The arguments adduced by Mr. Taylor against banks and funding, are mostly founded on false premises. They are such as have been often refuted by the ablest writers, and those best versed in political arithmetic. In fabricating objections to those objects, much of the reasoning he has employed for the purpose of destroying all belief in their usefulness, is of that species which is drawn from an abuse of the principles on which they are usually established. We mean not to advocate any abuse of either the banking or funding systems; but to contend, against such unfounded dogmas as Mr. Taylor's, that public banks and a funded national debt, confined within reasonable limits in their operations and extent, and judiciously managed, are foundations upon which, either separately or in connexion with each other, highly beneficial systems of credit, public and private, are erected by means commodiously practicable.

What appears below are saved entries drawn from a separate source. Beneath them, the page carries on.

(* Let $\theta$ be an ordered partial action of a groupoid $\mathcal{G}$ on a semilatticeoid $X$. Then the semidirect product $\mathcal{G}\ltimes_\theta X$ is an $E$-unitary inverse semigroupoid.
   Context: Inverse semigroupoid: arrows $\mathcal{S}$, objects $\mathcal{S}^{(0)}$, maps $d,c$, associative multiplication on $\mathcal{S}^{(2)}=\{(s,t):d(s)=c(t)\}$ with $d(st)=d(t)$, $c(st)=c(s)$, unique $s^*$ with $ss^*s=s$, $s^*ss^*=s^*$; natural order on parallel arrows $s\leqslant t$ iff $s=te$ for an idempotent $e$; $(s,t)\in\sigma$ iff some $r\leqslant s,t$; $E$-unitary: $(s,e)\in\sigma$, $e$ idempotent imply $s$ idempotent. A groupoid is an inverse semigroupoid with exactly one idempotent over each object. A semilatticeoid is an inverse semigroupoid all of whose elements are idempotent, with its natural order. A partial action of $\mathcal{G}$ on $X$ is a pair $(\{X_g\},\{\theta_g\})$, $X_g\subseteq X$, $\theta_g:X_{g^{*}}\to X_g$ bijections with $\theta_g^{-1}=\theta_{g^*}$, $X=\bigcup X_g$, $\theta_g\circ\theta_h\subseteq\theta_{gh}$ for composable $(g,h)$, $X_g\subseteq X_h$ if $g\leqslant h$; ordered if each $X_g$ is an order ideal and each $\theta_g$ an order isomorphism; assume $X_g\ne\emptyset$. Semidirect product: $\mathcal{G}\ltimes_\theta X=\{(g,x): x\in X_{g^*}\}$ with objects $\mathcal{G}^{(0)}\times X^{(0)}$, $d(g,x)=(d(g),d(x))$, $c(g,x)=(c(g),c(\theta_g(x)))$, product $(g,x)(h,y)=(gh,\theta_{h^*}(x\theta_h(y)))$ defined when $(g,h)$ composable and $(x,\theta_h(y))\in X^{(2)}$. *)

theory Defs
  imports Main
begin

record ('a, 'o) sgd =
  arr  :: "'a set"
  obj  :: "'o set"
  sdom :: "'a \<Rightarrow> 'o"
  scod :: "'a \<Rightarrow> 'o"
  smul :: "'a \<Rightarrow> 'a \<Rightarrow> 'a"

definition composable :: "('a, 'o) sgd \<Rightarrow> 'a \<Rightarrow> 'a \<Rightarrow> bool" where
  "composable S s t \<longleftrightarrow> s \<in> arr S \<and> t \<in> arr S \<and> sdom S s = scod S t"

definition semigroupoid :: "('a, 'o) sgd \<Rightarrow> bool" where
  "semigroupoid S \<longleftrightarrow>
     (\<forall>s\<in>arr S. sdom S s \<in> obj S \<and> scod S s \<in> obj S) \<and>
     (\<forall>s t. composable S s t \<longrightarrow>
        smul S s t \<in> arr S \<and> sdom S (smul S s t) = sdom S t \<and> scod S (smul S s t) = scod S s) \<and>
     (\<forall>s t u. composable S s t \<and> composable S t u \<longrightarrow>
        smul S (smul S s t) u = smul S s (smul S t u))"

definition is_inv :: "('a, 'o) sgd \<Rightarrow> 'a \<Rightarrow> 'a \<Rightarrow> bool" where
  "is_inv S s t \<longleftrightarrow> t \<in> arr S \<and> sdom S s = scod S t \<and> sdom S t = scod S s \<and>
     smul S (smul S s t) s = s \<and> smul S (smul S t s) t = t"

definition inverse_semigroupoid :: "('a, 'o) sgd \<Rightarrow> bool" where
  "inverse_semigroupoid S \<longleftrightarrow> semigroupoid S \<and> (\<forall>s\<in>arr S. \<exists>!t. is_inv S s t)"

definition sinv :: "('a, 'o) sgd \<Rightarrow> 'a \<Rightarrow> 'a" where
  "sinv S s = (THE t. is_inv S s t)"

definition idem :: "('a, 'o) sgd \<Rightarrow> 'a \<Rightarrow> bool" where
  "idem S e \<longleftrightarrow> e \<in> arr S \<and> sdom S e = scod S e \<and> smul S e e = e"

definition nat_le :: "('a, 'o) sgd \<Rightarrow> 'a \<Rightarrow> 'a \<Rightarrow> bool" where
  "nat_le S s t \<longleftrightarrow> s \<in> arr S \<and> t \<in> arr S \<and> sdom S s = sdom S t \<and> scod S s = scod S t \<and>
     (\<exists>e. idem S e \<and> composable S t e \<and> s = smul S t e)"

definition sigma_rel :: "('a, 'o) sgd \<Rightarrow> 'a \<Rightarrow> 'a \<Rightarrow> bool" where
  "sigma_rel S s t \<longleftrightarrow> (\<exists>r. nat_le S r s \<and> nat_le S r t)"

definition E_unitary :: "('a, 'o) sgd \<Rightarrow> bool" where
  "E_unitary S \<longleftrightarrow> (\<forall>s e. s \<in> arr S \<and> idem S e \<and> sigma_rel S s e \<longrightarrow> idem S s)"

definition groupoid :: "('a, 'o) sgd \<Rightarrow> bool" where
  "groupoid S \<longleftrightarrow> inverse_semigroupoid S \<and> (\<forall>x\<in>obj S. \<exists>!e. idem S e \<and> sdom S e = x)"

definition semilatticeoid :: "('a, 'o) sgd \<Rightarrow> bool" where
  "semilatticeoid S \<longleftrightarrow> inverse_semigroupoid S \<and> (\<forall>s\<in>arr S. idem S s)"

text \<open>Partial action (Xd, th) of G on X: Xd g is the domain X_g, th g is theta_g.\<close>
definition partial_action ::
  "('g, 'go) sgd \<Rightarrow> ('x, 'xo) sgd \<Rightarrow> ('g \<Rightarrow> 'x set) \<Rightarrow> ('g \<Rightarrow> 'x \<Rightarrow> 'x) \<Rightarrow> bool" where
  "partial_action G X Xd th \<longleftrightarrow>
     (\<forall>g\<in>arr G. Xd g \<subseteq> arr X \<and> Xd g \<noteq> {}) \<and>
     (\<forall>g\<in>arr G. bij_betw (th g) (Xd (sinv G g)) (Xd g)) \<and>
     (\<forall>g\<in>arr G. \<forall>y\<in>Xd g. th (sinv G g) y = inv_into (Xd (sinv G g)) (th g) y) \<and>
     arr X = (\<Union>g\<in>arr G. Xd g) \<and>
     (\<forall>g h. composable G g h \<longrightarrow>
        (\<forall>x\<in>Xd (sinv G h). th h x \<in> Xd (sinv G g) \<longrightarrow>
           x \<in> Xd (sinv G (smul G g h)) \<and> th (smul G g h) x = th g (th h x))) \<and>
     (\<forall>g h. nat_le G g h \<longrightarrow> Xd g \<subseteq> Xd h)"

definition order_ideal :: "('x, 'xo) sgd \<Rightarrow> 'x set \<Rightarrow> bool" where
  "order_ideal X Y \<longleftrightarrow> Y \<subseteq> arr X \<and> (\<forall>y\<in>Y. \<forall>x. nat_le X x y \<longrightarrow> x \<in> Y)"

definition ordered_partial_action ::
  "('g, 'go) sgd \<Rightarrow> ('x, 'xo) sgd \<Rightarrow> ('g \<Rightarrow> 'x set) \<Rightarrow> ('g \<Rightarrow> 'x \<Rightarrow> 'x) \<Rightarrow> bool" where
  "ordered_partial_action G X Xd th \<longleftrightarrow> partial_action G X Xd th \<and>
     (\<forall>g\<in>arr G. order_ideal X (Xd g) \<and>
        (\<forall>x\<in>Xd (sinv G g). \<forall>y\<in>Xd (sinv G g). nat_le X x y \<longleftrightarrow> nat_le X (th g x) (th g y)))"

definition semidirect ::
  "('g, 'go) sgd \<Rightarrow> ('x, 'xo) sgd \<Rightarrow> ('g \<Rightarrow> 'x set) \<Rightarrow> ('g \<Rightarrow> 'x \<Rightarrow> 'x) \<Rightarrow> ('g \<times> 'x, 'go \<times> 'xo) sgd" where
  "semidirect G X Xd th =
     \<lparr> arr = {(g, x). g \<in> arr G \<and> x \<in> Xd (sinv G g)},
       obj = obj G \<times> obj X,
       sdom = (\<lambda>(g, x). (sdom G g, sdom X x)),
       scod = (\<lambda>(g, x). (scod G g, scod X (th g x))),
       smul = (\<lambda>(g, x) (h, y). (smul G g h, th (sinv G h) (smul X x (th h y)))) \<rparr>"

end

theory Submission
  imports Defs
begin

text \<open>
  Idempotents of a groupoid are identities, so an arrow \<open>(g, x)\<close> of the semidirect product is
  idempotent exactly when \<open>g\<close> is, and the natural order never changes the first component;
  together these give E-unitarity.  In a semilatticeoid the product of two parallel arrows is their
  meet for the natural order, so every \<open>\<theta>\<^sub>g\<close>, being an order isomorphism between order
  ideals, preserves products.  This turns associativity into a computation with meets, makes
  \<open>(g\<^sup>*, \<theta>\<^sub>g x)\<close> an inverse of \<open>(g, x)\<close>, and shows that any inverse
  \<open>(g\<^sup>*, y)\<close> satisfies both \<open>\<theta>\<^sub>g x \<le> y\<close> and \<open>y \<le> \<theta>\<^sub>g x\<close>.
\<close>

lemma semigroupoid_smul:
  assumes "semigroupoid S" "composable S s t"
  shows "smul S s t \<in> arr S" "sdom S (smul S s t) = sdom S t" "scod S (smul S s t) = scod S s"
  using assms unfolding semigroupoid_def by blast+

lemma semigroupoid_assoc:
  assumes "semigroupoid S" "composable S s t" "composable S t u"
  shows "smul S (smul S s t) u = smul S s (smul S t u)"
  using assms unfolding semigroupoid_def by blast

lemma semigroupoid_obj:
  assumes "semigroupoid S" "s \<in> arr S"
  shows "sdom S s \<in> obj S" "scod S s \<in> obj S"
  using assms unfolding semigroupoid_def by blast+

lemma is_inv_sym: "is_inv S s t \<Longrightarrow> s \<in> arr S \<Longrightarrow> is_inv S t s"
  unfolding is_inv_def by auto

lemma is_inv_sinv:
  assumes "inverse_semigroupoid S" "s \<in> arr S"
  shows "is_inv S s (sinv S s)"
  using assms unfolding inverse_semigroupoid_def sinv_def by (metis theI')

lemma sinv_unique:
  assumes "inverse_semigroupoid S" "s \<in> arr S" "is_inv S s t"
  shows "sinv S s = t"
  using assms unfolding inverse_semigroupoid_def sinv_def by (metis the1_equality)

lemma sinv_sinv:
  assumes "inverse_semigroupoid S" "s \<in> arr S"
  shows "sinv S (sinv S s) = s"
  using assms by (metis is_inv_def is_inv_sinv is_inv_sym sinv_unique)

locale is_groupoid =
  fixes G :: "('g, 'go) sgd"
  assumes groupoid: "groupoid G"
begin

lemma inverse_semigroupoid: "inverse_semigroupoid G"
  using groupoid unfolding groupoid_def by blast

lemma semigroupoid: "semigroupoid G"
  using inverse_semigroupoid unfolding inverse_semigroupoid_def by blast

lemma smul_simps [simp]:
  assumes "g \<in> arr G" "h \<in> arr G" "sdom G g = scod G h"
  shows "smul G g h \<in> arr G" "sdom G (smul G g h) = sdom G h" "scod G (smul G g h) = scod G g"
  using semigroupoid_smul[OF semigroupoid] assms unfolding composable_def by auto

lemma smul_assoc [simp]:
  assumes "g \<in> arr G" "h \<in> arr G" "k \<in> arr G" "sdom G g = scod G h" "sdom G h = scod G k"
  shows "smul G (smul G g h) k = smul G g (smul G h k)"
  using semigroupoid_assoc[OF semigroupoid] assms unfolding composable_def by auto

lemma sinv_simps [simp]:
  assumes "g \<in> arr G"
  shows "sinv G g \<in> arr G" "sdom G (sinv G g) = scod G g" "scod G (sinv G g) = sdom G g"
    "smul G g (smul G (sinv G g) g) = g" "smul G (sinv G g) (smul G g (sinv G g)) = sinv G g"
    "sinv G (sinv G g) = g"
  using is_inv_sinv[OF inverse_semigroupoid assms] sinv_sinv[OF inverse_semigroupoid assms]
    smul_assoc[of g "sinv G g" g] smul_assoc[of "sinv G g" g "sinv G g"] assms
  unfolding is_inv_def by auto

lemma idem_sinv_smul:
  assumes "g \<in> arr G"
  shows "idem G (smul G (sinv G g) g)"
  using assms unfolding idem_def by simp

lemma idem_unique:
  assumes "idem G e" "idem G f" "sdom G e = sdom G f"
  shows "e = f"
proof -
  have "sdom G e \<in> obj G"
    using assms(1) semigroupoid_obj(1)[OF semigroupoid] unfolding idem_def by blast
  then show ?thesis
    using groupoid assms unfolding groupoid_def by metis
qed

lemma smul_idem_right:
  assumes "g \<in> arr G" "idem G e" "sdom G g = scod G e"
  shows "smul G g e = g"
proof -
  have "e = smul G (sinv G g) g"
    using idem_unique[OF assms(2) idem_sinv_smul] assms unfolding idem_def by simp
  then show ?thesis using assms(1) by simp
qed

lemma smul_idem_left:
  assumes "g \<in> arr G" "idem G e" "sdom G e = scod G g"
  shows "smul G e g = g"
proof -
  have "e = smul G g (sinv G g)"
    using idem_unique[OF assms(2) idem_sinv_smul[of "sinv G g"]] assms unfolding idem_def by simp
  then show ?thesis using assms(1) by simp
qed

lemma sinv_eqI:
  assumes "g \<in> arr G" "h \<in> arr G" "sdom G g = scod G h" "idem G (smul G g h)"
  shows "sinv G g = h"
proof -
  have "h = smul G (smul G (sinv G g) g) h"
    using smul_idem_left idem_sinv_smul assms by simp
  also have "\<dots> = sinv G g"
    using smul_idem_right[of "sinv G g" "smul G g h"] assms unfolding idem_def by simp
  finally show ?thesis by simp
qed

lemma sinv_idem: "idem G e \<Longrightarrow> sinv G e = e"
  using sinv_eqI unfolding idem_def by auto

lemma sinv_smul:
  assumes "g \<in> arr G" "h \<in> arr G" "sdom G g = scod G h"
  shows "sinv G (smul G g h) = smul G (sinv G h) (sinv G g)"
proof (rule sinv_eqI)
  have "smul G (smul G g h) (smul G (sinv G h) (sinv G g)) = smul G g (sinv G g)"
    using assms smul_idem_left[of "sinv G g" "smul G h (sinv G h)"] idem_sinv_smul[of "sinv G h"]
    by simp
  then show "idem G (smul G (smul G g h) (smul G (sinv G h) (sinv G g)))"
    using idem_sinv_smul[of "sinv G g"] assms by simp
qed (use assms in simp_all)

end

locale is_semilatticeoid =
  fixes X :: "('x, 'xo) sgd"
  assumes semilatticeoid: "semilatticeoid X"
begin

lemma inverse_semigroupoid: "inverse_semigroupoid X"
  using semilatticeoid unfolding semilatticeoid_def by blast

lemma semigroupoid: "semigroupoid X"
  using inverse_semigroupoid unfolding inverse_semigroupoid_def by blast

lemma arr_idem: "x \<in> arr X \<Longrightarrow> idem X x"
  using semilatticeoid unfolding semilatticeoid_def by blast

lemma arr_simps [simp]:
  assumes "x \<in> arr X"
  shows "scod X x = sdom X x" "smul X x x = x"
  using arr_idem[OF assms] unfolding idem_def by auto

lemma smul_simps [simp]:
  assumes "x \<in> arr X" "y \<in> arr X" "sdom X x = sdom X y"
  shows "smul X x y \<in> arr X" "sdom X (smul X x y) = sdom X x"
  using semigroupoid_smul[of X x y] inverse_semigroupoid assms
  unfolding inverse_semigroupoid_def composable_def by auto

lemma smul_assoc [simp]:
  assumes "x \<in> arr X" "y \<in> arr X" "z \<in> arr X" "sdom X x = sdom X y" "sdom X y = sdom X z"
  shows "smul X (smul X x y) z = smul X x (smul X y z)"
  using semigroupoid_assoc[of X x y z] inverse_semigroupoid assms
  unfolding inverse_semigroupoid_def composable_def by auto

lemma smul_left_absorb [simp]:
  assumes "x \<in> arr X" "y \<in> arr X" "sdom X x = sdom X y"
  shows "smul X x (smul X x y) = smul X x y"
proof -
  have "smul X x (smul X x y) = smul X (smul X x x) y"
    by (rule smul_assoc[symmetric]) (use assms in simp_all)
  then show ?thesis
    using assms by simp
qed

text \<open>Both products are inverses of the idempotent arrow \<open>smul X x y\<close>.\<close>

lemma smul_comm:
  assumes "x \<in> arr X" "y \<in> arr X" "sdom X x = sdom X y"
  shows "smul X x y = smul X y x"
proof -
  have absorb: "smul X u (smul X v (smul X u v)) = smul X u v"
    if "u \<in> arr X" "v \<in> arr X" "sdom X u = sdom X v" for u v
  proof -
    have "smul X u (smul X v (smul X u v)) = smul X (smul X u v) (smul X u v)"
      by (rule smul_assoc[symmetric]) (use that in simp_all)
    also have "\<dots> = smul X u v"
      by (rule arr_simps(2)) (use that in simp)
    finally show ?thesis .
  qed
  have "is_inv X (smul X x y) (smul X y x)"
    using assms absorb[of x y] absorb[of y x] unfolding is_inv_def by simp
  moreover have "is_inv X (smul X x y) (smul X x y)"
    using assms unfolding is_inv_def by simp
  ultimately show ?thesis
    using sinv_unique[OF inverse_semigroupoid] assms by (metis smul_simps(1))
qed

We are not advocates for a burthensome national debt. We consider it a grievous evil; as we do war, also, which produces it, or oppressive taxes, which are its necessary consequence. But, inasmuch as war is sometimes unavoidable, so are these its appendages: And when the administrators of the government of a nation have contracted a debt with individuals, on the public account, the national credit requires that it should be faithfully paid,

according to the terms of the contract. The public faith is plighted, for its fulfilment, and moral honesty imperiously demands the performance of so solemn an obligation.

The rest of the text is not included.